George SNIDER, the third son of Michael and Susanna [BAISFIELD] SNIDER, and a grandson of Rudolph and Elizabeth [MORELAND] SNIDER, of Philadelphia, Pennsylvania, was born in the Quaker City, October 24, 1744. George SNIDER, like his elder brother John, soon developed a strong desire to leave the city and become a farmer and livestock raiser. He emigrated with his parents to Washington County, Maryland, in 1749, where they took up farm life. Here he grew up and became interested in the Indian tract and the frontier western border life. In 1762, George SNIDER made a trip with his brother John, and Zachariah MARTIN, who were two of the five post riders for Christopher GIST, to the old GIST Camp site, later Point Marion, at the junction of the Monongahela and Cheat rivers, where he remained a short time. After a brief visit to Mt. Braddock, he returned to the Potomac River, and worked in the CRESAP stillhouse at the great fountain spring at the head of "Swamprun" operated by Cornelious FRIENDTZ-(FRIEND). In 1763, he went to Philadelphia, with Colonel Thomas CRESAP, Senator, but returned the same year to his father's home near Long Meadows, then the "DUNLANEY's Delight." In 1769, George SNIDER married Catherine [LEMLEY] WELLS, a sister to the wife of Robert DOWDELL. In the spring of 1770, they emigrated west to a tract of land tomahawked in June 1769 on the waters of Little French Creek (changed to Dunkard Creek, named in honor of Joseph DUNKARD). This land occupied a part of upper 'Echo Ridge' (Indian Ridge) where Dr. Samuel ECKERLIN made his escape from the Huron Indians in 1731. This was called the DOWDELLS Settlement up to 1783, in honor of the famous DOWDELL family who came to DOWDELL's Point, and DOWDELL's Run, which later came to be called 'Doll's Run.' Jacob DOWDELL settled on this land in 1763, but so far as the records show, he did not patent it. George and Catherine SNIDER had nine children: Rudolph, William, John, Jeremiah, Michael, Catherine, Elizabeth, Cassender, and Sarah, who was born April 19, 1787, and died at the age of twenty years."
"THP" Vol.

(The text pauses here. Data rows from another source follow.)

definition ordinal_alg :: "nat \<Rightarrow> ((nat \<Rightarrow> nat \<Rightarrow> nat) \<Rightarrow> (nat \<Rightarrow> nat)) \<Rightarrow> bool" where
  "ordinal_alg n A \<longleftrightarrow> (\<forall>r. ordinal_profile n r \<longrightarrow> A r \<in> matchings n)"

definition ratio :: "real \<Rightarrow> real \<Rightarrow> ereal" where
  "ratio opt sw = (if sw = 0 then \<infinity> else ereal (opt / sw))"

text \<open>Distortion over unit-sum valuations (worst case also over tie-breaking
  of the induced ordinal profile).\<close>
definition distortion :: "nat \<Rightarrow> ((nat \<Rightarrow> nat \<Rightarrow> nat) \<Rightarrow> (nat \<Rightarrow> nat)) \<Rightarrow> ereal" where
  "distortion n A = (SUP vr \<in> {(v, r). unit_sum n v \<and> consistent n v r}.
      ratio (OPT n (fst vr)) (SW n (fst vr) (A (snd vr))))"

end

theory Submission
  imports Defs
begin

Two - Page 520
Rudolph SNIDER (born in 1770) and William SNIDER, brothers, sons of George SNIDER, emigrated to Marietta, Ohio, in 1796, and their sister, Elizabeth SNIDER-BARR, settled near Circleville, Ohio in 1806. George SNIDER, with Jacob STATLER, Joseph REECE, James BROWN, and Jacob STILWELL, encountered a band of Huron Indians near the home of Jacob DOWDELL, above DOWDELL's Run (Doll's Run), early in June 1770, and killed six of the Indians. In October of the same year, a second Huron Indian Raid was made on STATLER's Run, but the Indians were run out of the country by the rangers from the Monongahela River Posts of Fort Swan and Van Metre, Fort Teegarden, and Fort MARTIN, joined by George MORRIS' guards at Fort MORRIS. In 1772, George SNIDER raised the first wheat ever grown in Monongalia County, and in 1774, he let Zackwell MORGAN have "ten quarters" of wheat and four oxen, for public use (for guards on the Ohio River). George SNIDER rendered Samuel JACKSON assistance in 1774, by rations for ten settlers for thirty-nine days in enforced retirement. In 1775, he was made a coast guard on the Monongahela River at GIST Point, and served for November and December, 1775. Catherine LEMLEY WELLS SNIDER, with her husband, two daughters, and two sons, Rudolph and Michael, Jr., were buried in 'Lookout' graveyard, or SNIDER burial ground, at the foot of Indian Ridge, overlooking Dunkard Creek and the Mason and Dixon Line. The daughter Sarah (1787) was one of the first primary school instructors in the DOWDELL Settlement in 1800. The headstone of her grave marker was photographed in 1940, by Hon. Frank B. JONES of Waynesburg, Pennsylvania.

Jeremiah SNIDER

Jeremiah SNIDER, son of George and Catherine SNIDER, and grandson of Michael of Washington County, Maryland, was born at "Point Lookout" on Dunkard Creek, in Monongahela [sic] County, West Virginia, May 26, 1786. He married Ann RICH, daughter of Jacob and Ann [PENTER] RICH of Monongalia County, West Virginia, in November 1805. They had thirteen children, of which Catherine was the eldest, born March 5th, 1807, and William, born March 4th, 1831. Jeremiah SNIDER died in Washington County, Iowa April 24th, 1874. Ann RICH SNIDER died in Washington County, Iowa June 27th, 1860."